--- Records for this exercise ---
lemma min_time_attained:
  assumes fin: "finite (nodes X)" and finite_min: "min_time X d < \<infinity>"
  shows "\<exists>Att. successful X Att \<and> min_time X d = ereal (att_time Att d)"
proof -
  let ?S = "{Att. successful X Att}"
  let ?times = "(\<lambda>Att. ereal (att_time Att d)) ` ?S"
  have "?S \<subseteq> Pow (nodes X) \<times> Pow (nodes X \<times> nodes X)"
    unfolding successful_def is_attack_def bas_nodes_def by auto
  then have "finite ?S"
    using fin by (simp add: finite_subset)
  then have finite_times: "finite ?times"
    by simp
  have nonempty_times: "?times \<noteq> {}"
  proof
    assume "?times = {}"
    then have "min_time X d = \<infinity>"
      unfolding min_time_def by (simp only: Inf_empty top_ereal_def)
    with finite_min show False
      by simp
  qed
  have "min_time X d = Min ?times"
    unfolding min_time_def by (rule Min_Inf[symmetric, OF finite_times nonempty_times])
  also have "\<dots> \<in> ?times"
    by (rule Min_in[OF finite_times nonempty_times])
  finally have "min_time X d \<in> ?times" .
  then show ?thesis
    by auto
qed

lemma edges_contract_outside: "(z, y) \<in> edges T \<Longrightarrow> z \<notin> desc T v \<Longrightarrow> (z, y) \<in> edges (contract T v)"
  using desc_refl[of v T] by (auto simp: edges_def contract_def)

lemma rtrancl_edges_contract_outside:
  assumes "(x, y) \<in> (edges T)\<^sup>*" and "y \<notin> desc T v"
  shows "(x, y) \<in> (edges (contract T v))\<^sup>*"
  using assms
proof (induction rule: rtrancl_induct)
  case (step z y)
  have "z \<notin> desc T v"
    using desc_edge[of z T v y] step.hyps(2) step.prems by blast
  then show ?case
    using step.IH edges_contract_outside[OF step.hyps(2)] by (simp add: rtrancl.rtrancl_into_rtrancl)
qed simp

lemma rtrancl_edges_contract_to_module:
  assumes md: "is_module T v" and "(x, y) \<in> (edges T)\<^sup>*" and "y \<in> desc T v" and "x \<notin> desc T v - {v}"
  shows "(x, v) \<in> (edges (contract T v))\<^sup>*"
  using assms(2-)
proof (induction rule: rtrancl_induct)
  case (step z y)
  show ?case
  proof (cases "z \<in> desc T v")
    case True
    with step.prems(2) show ?thesis
      using step.IH by blast
  next
    case False
    \<comment> \<open>the path enters \<open>T_v\<close> through an edge into \<open>v\<close>, since \<open>v\<close> is a module\<close>
    have "y = v"
      using md step.hyps(2) step.prems(1) False unfolding is_module_def by blast
    then show ?thesis
      using rtrancl_edges_contract_outside[OF step.hyps(1) False] edges_contract_outside[OF step.hyps(2) False]
      by (simp add: rtrancl.rtrancl_into_rtrancl)
  qed
qed simp

lemma bas_below_contract_outside:
  assumes "a \<in> bas_below T x" and "a \<notin> desc T v"
  shows "a \<in> bas_below (contract T v) x"
proof -
  have "(x, a) \<in> (edges T)\<^sup>*"
    using assms(1) unfolding bas_below_def desc_def by simp
  then have "(x, a) \<in> (edges (contract T v))\<^sup>*"
    using assms(2) by (rule rtrancl_edges_contract_outside)
  moreover have "a \<noteq> v"
    using assms(2) desc_refl[of v T] by blast
  ultimately show ?thesis
    using assms(1) unfolding bas_below_def desc_def by (simp add: contract_def)
qed

lemma bas_below_contract_module:
  assumes "is_module T v" and "a \<in> bas_below T x" and "a \<in> desc T v" and "x \<notin> desc T v - {v}"
  shows "v \<in> bas_below (contract T v) x"
proof -
  have "(x, a) \<in> (edges T)\<^sup>*"
    using assms(2) unfolding bas_below_def desc_def by simp
  then have "(x, v) \<in> (edges (contract T v))\<^sup>*"
    by (rule rtrancl_edges_contract_to_module[OF assms(1) _ assms(3,4)])
  then show ?thesis
    unfolding bas_below_def desc_def by (simp add: contract_def)
qed

lemma module_child_outside:
  assumes "is_module T v" and "w \<in> nodes T" and "w \<notin> desc T v" and "c \<in> set (ch T w)"
  shows "c \<notin> desc T v - {v}"
  using assms edgesI[OF assms(2,4)] unfolding is_module_def by blast

lemma bas_nodes_contract:
  assumes "v \<in> nodes T"
  shows "bas_nodes (contract T v) = bas_nodes T - desc T v \<union> {v}"
  using assms desc_refl[of v T] unfolding bas_nodes_def by (auto simp: contract_def)

lemma root_notin_proper_desc:
  assumes wf: "wf_dat T" and v: "v \<in> nodes T"
  shows "root T \<notin> desc T v - {v}"
proof
  assume "root T \<in> desc T v - {v}"
  then have "(v, root T) \<in> (edges T)\<^sup>+"
    unfolding desc_def by (auto simp: rtrancl_eq_or_trancl)
  moreover have "(root T, v) \<in> (edges T)\<^sup>*"
    using wf v unfolding wf_dat_def by (elim conjE) blast
  ultimately have "(v, v) \<in> (edges T)\<^sup>+"
    by (rule trancl_rtrancl_trancl)
  moreover have "acyclic (edges T)"
    using wf unfolding wf_dat_def by (elim conjE)
  ultimately show False
    unfolding acyclic_def by blast
qed

lemma collapse_in_bas_below_contract:
  assumes md: "is_module T v" and A_outside: "A \<inter> desc T v \<subseteq> {v}" and B_inside: "B \<subseteq> desc T v"
    and v_in_A: "B \<noteq> {} \<Longrightarrow> v \<in> A"
    and x: "x \<in> A - {v} \<union> B" "x \<in> bas_below T y" and y: "y \<notin> desc T v - {v}"
  shows "collapse B v x \<in> A \<inter> bas_below (contract T v) y"
proof (cases "x \<in> B")
  case True
  then have "v \<in> bas_below (contract T v) y"
    using bas_below_contract_module[OF md x(2) _ y] B_inside by blast
  then show ?thesis
    using True v_in_A by (auto simp: collapse_def)
next
  case False
  then have "x \<in> A - {v}" and "x \<notin> desc T v"
    using x(1) A_outside by auto
  then show ?thesis
    using False bas_below_contract_outside[OF x(2)] by (simp add: collapse_def)
qed

lemma precedes_lift_from_sub_dat:
  assumes wf: "wf_dat T" and v: "v \<in> nodes T" and c: "c \<in> desc T v" and c': "c' \<in> desc T v"
    and A2_inside: "A2 \<inter> desc T v \<subseteq> B" and Q_sub: "Q \<subseteq> P2"
    and prec: "\<forall>a\<in>B \<inter> bas_below (sub_dat T v) c. \<forall>a'\<in>B \<inter> bas_below (sub_dat T v) c'. (a, a') \<in> Q"
  shows "\<forall>a\<in>A2 \<inter> bas_below T c. \<forall>a'\<in>A2 \<inter> bas_below T c'. (a, a') \<in> P2"
proof (intro ballI)
  fix a a' assume a: "a \<in> A2 \<inter> bas_below T c" and a': "a' \<in> A2 \<inter> bas_below T c'"
  then have "a \<in> desc T v" and "a' \<in> desc T v"
    using desc_trans[OF c] desc_trans[OF c'] unfolding bas_below_def by auto
  with a a' have "a \<in> B \<inter> bas_below (sub_dat T v) c" and "a' \<in> B \<inter> bas_below (sub_dat T v) c'"
    using bas_below_sub_dat[OF wf v c] bas_below_sub_dat[OF wf v c'] A2_inside by auto
  then show "(a, a') \<in> P2"
    using prec Q_sub by blast
qed

lemma reaches_lift_from_sub_dat:
  assumes wf: "wf_dat T" and v: "v \<in> nodes T"
    and reach: "reaches (sub_dat T v) (B, Q) w" and w: "w \<in> desc T v"
    and B_sub: "B \<subseteq> A2" and A2_inside: "A2 \<inter> desc T v \<subseteq> B" and Q_sub: "Q \<subseteq> P2"
  shows "reaches T (A2, P2) w"
  using reach w
proof (induction rule: reaches.induct)
  case (r_bas w)
  show ?case
    by (rule reaches.r_bas) (use r_bas B_sub in \<open>auto simp: sub_dat_def\<close>)
next
  case (r_or w c)
  have c: "c \<in> set (ch T w)"
    using r_or.hyps(2) by (simp add: sub_dat_def)
  then have "reaches T (A2, P2) c"
    using r_or.IH desc_child[OF wf v r_or.prems c] by blast
  with c show ?case
    using r_or.hyps(1) reaches.r_or[of T w c] by (simp add: sub_dat_def)
next
  case (r_and w)
  have "\<forall>c\<in>set (ch T w). reaches T (A2, P2) c"
    using r_and.IH desc_child[OF wf v r_and.prems] by (simp add: sub_dat_def)
  then show ?case
    using r_and.hyps(1) reaches.r_and[of T w] by (simp add: sub_dat_def)
next
  case (r_sand w)
  have children: "\<forall>c\<in>set (ch T w). c \<in> desc T v"
    using desc_child[OF wf v r_sand.prems] by blast
  show ?case
  proof (rule reaches.r_sand)
    show "gtype T w = SAND"
      using r_sand.hyps(1) by (simp add: sub_dat_def)
    show "\<forall>c\<in>set (ch T w). reaches T (A2, P2) c"
      using r_sand.IH children by (simp add: sub_dat_def)
    show "\<forall>i. Suc i < length (ch T w) \<longrightarrow>
        (\<forall>a\<in>fst (A2, P2) \<inter> bas_below T (ch T w ! i).
          \<forall>a'\<in>fst (A2, P2) \<inter> bas_below T (ch T w ! Suc i). (a, a') \<in> snd (A2, P2))"
    proof (intro allI impI)
      fix i assume i: "Suc i < length (ch T w)"
      then have "ch T w ! i \<in> desc T v" and "ch T w ! Suc i \<in> desc T v"
        using children by simp_all
      moreover have "\<forall>a\<in>B \<inter> bas_below (sub_dat T v) (ch T w ! i).
          \<forall>a'\<in>B \<inter> bas_below (sub_dat T v) (ch T w ! Suc i). (a, a') \<in> Q"
        using r_sand.hyps(2) i by (simp add: sub_dat_def)
      ultimately show "\<forall>a\<in>fst (A2, P2) \<inter> bas_below T (ch T w ! i).
          \<forall>a'\<in>fst (A2, P2) \<inter> bas_below T (ch T w ! Suc i). (a, a') \<in> snd (A2, P2)"
        using precedes_lift_from_sub_dat[OF wf v _ _ A2_inside Q_sub] by simp
    qed
  qed
qed

lemma contract_inner_node:
  assumes md: "is_module T v" and inner: "gtype (contract T v) w \<noteq> BAS"
    and w: "w \<in> nodes T" "w \<notin> desc T v - {v}"
  shows "gtype (contract T v) w = gtype T w" and "ch (contract T v) w = ch T w"
    and "\<And>c. c \<in> set (ch T w) \<Longrightarrow> c \<notin> desc T v - {v}"
proof -
  have "w \<noteq> v"
    using inner by (auto simp: contract_def)
  then show "gtype (contract T v) w = gtype T w" and "ch (contract T v) w = ch T w"
    by (simp_all add: contract_def)
  show "c \<notin> desc T v - {v}" if "c \<in> set (ch T w)" for c
    using module_child_outside[OF md w(1) _ that] w(2) \<open>w \<noteq> v\<close> by blast
qed

lemma precedes_lift_from_contract:
  assumes md: "is_module T v" and A_outside: "A \<inter> desc T v \<subseteq> {v}" and B_inside: "B \<subseteq> desc T v"
    and v_in_A: "B \<noteq> {} \<Longrightarrow> v \<in> A"
    and A2: "A2 = A - {v} \<union> B"
    and order: "\<And>x y. x \<in> A2 \<Longrightarrow> y \<in> A2 \<Longrightarrow> (collapse B v x, collapse B v y) \<in> P \<Longrightarrow> (x, y) \<in> P2"
    and c: "c \<notin> desc T v - {v}" and c': "c' \<notin> desc T v - {v}"
    and prec: "\<forall>a\<in>A \<inter> bas_below (contract T v) c. \<forall>a'\<in>A \<inter> bas_below (contract T v) c'. (a, a') \<in> P"
  shows "\<forall>a\<in>A2 \<inter> bas_below T c. \<forall>a'\<in>A2 \<inter> bas_below T c'. (a, a') \<in> P2"
proof (intro ballI)
  fix a a' assume a: "a \<in> A2 \<inter> bas_below T c" and a': "a' \<in> A2 \<inter> bas_below T c'"
  then have "collapse B v a \<in> A \<inter> bas_below (contract T v) c"
    and "collapse B v a' \<in> A \<inter> bas_below (contract T v) c'"
    using collapse_in_bas_below_contract[OF md A_outside B_inside v_in_A] c c' A2 by auto
  then show "(a, a') \<in> P2"
    using prec order a a' by blast
qed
---
## Assigned task
Select, from the listing, all lines that include the word "prems".

## Task output
    using desc_edge[of z T v y] step.hyps(2) step.prems by blast
    with step.prems(2) show ?thesis
      using md step.hyps(2) step.prems(1) False unfolding is_module_def by blast
    using r_or.IH desc_child[OF wf v r_or.prems c] by blast
    using r_and.IH desc_child[OF wf v r_and.prems] by (simp add: sub_dat_def)
    using desc_child[OF wf v r_sand.prems] by blast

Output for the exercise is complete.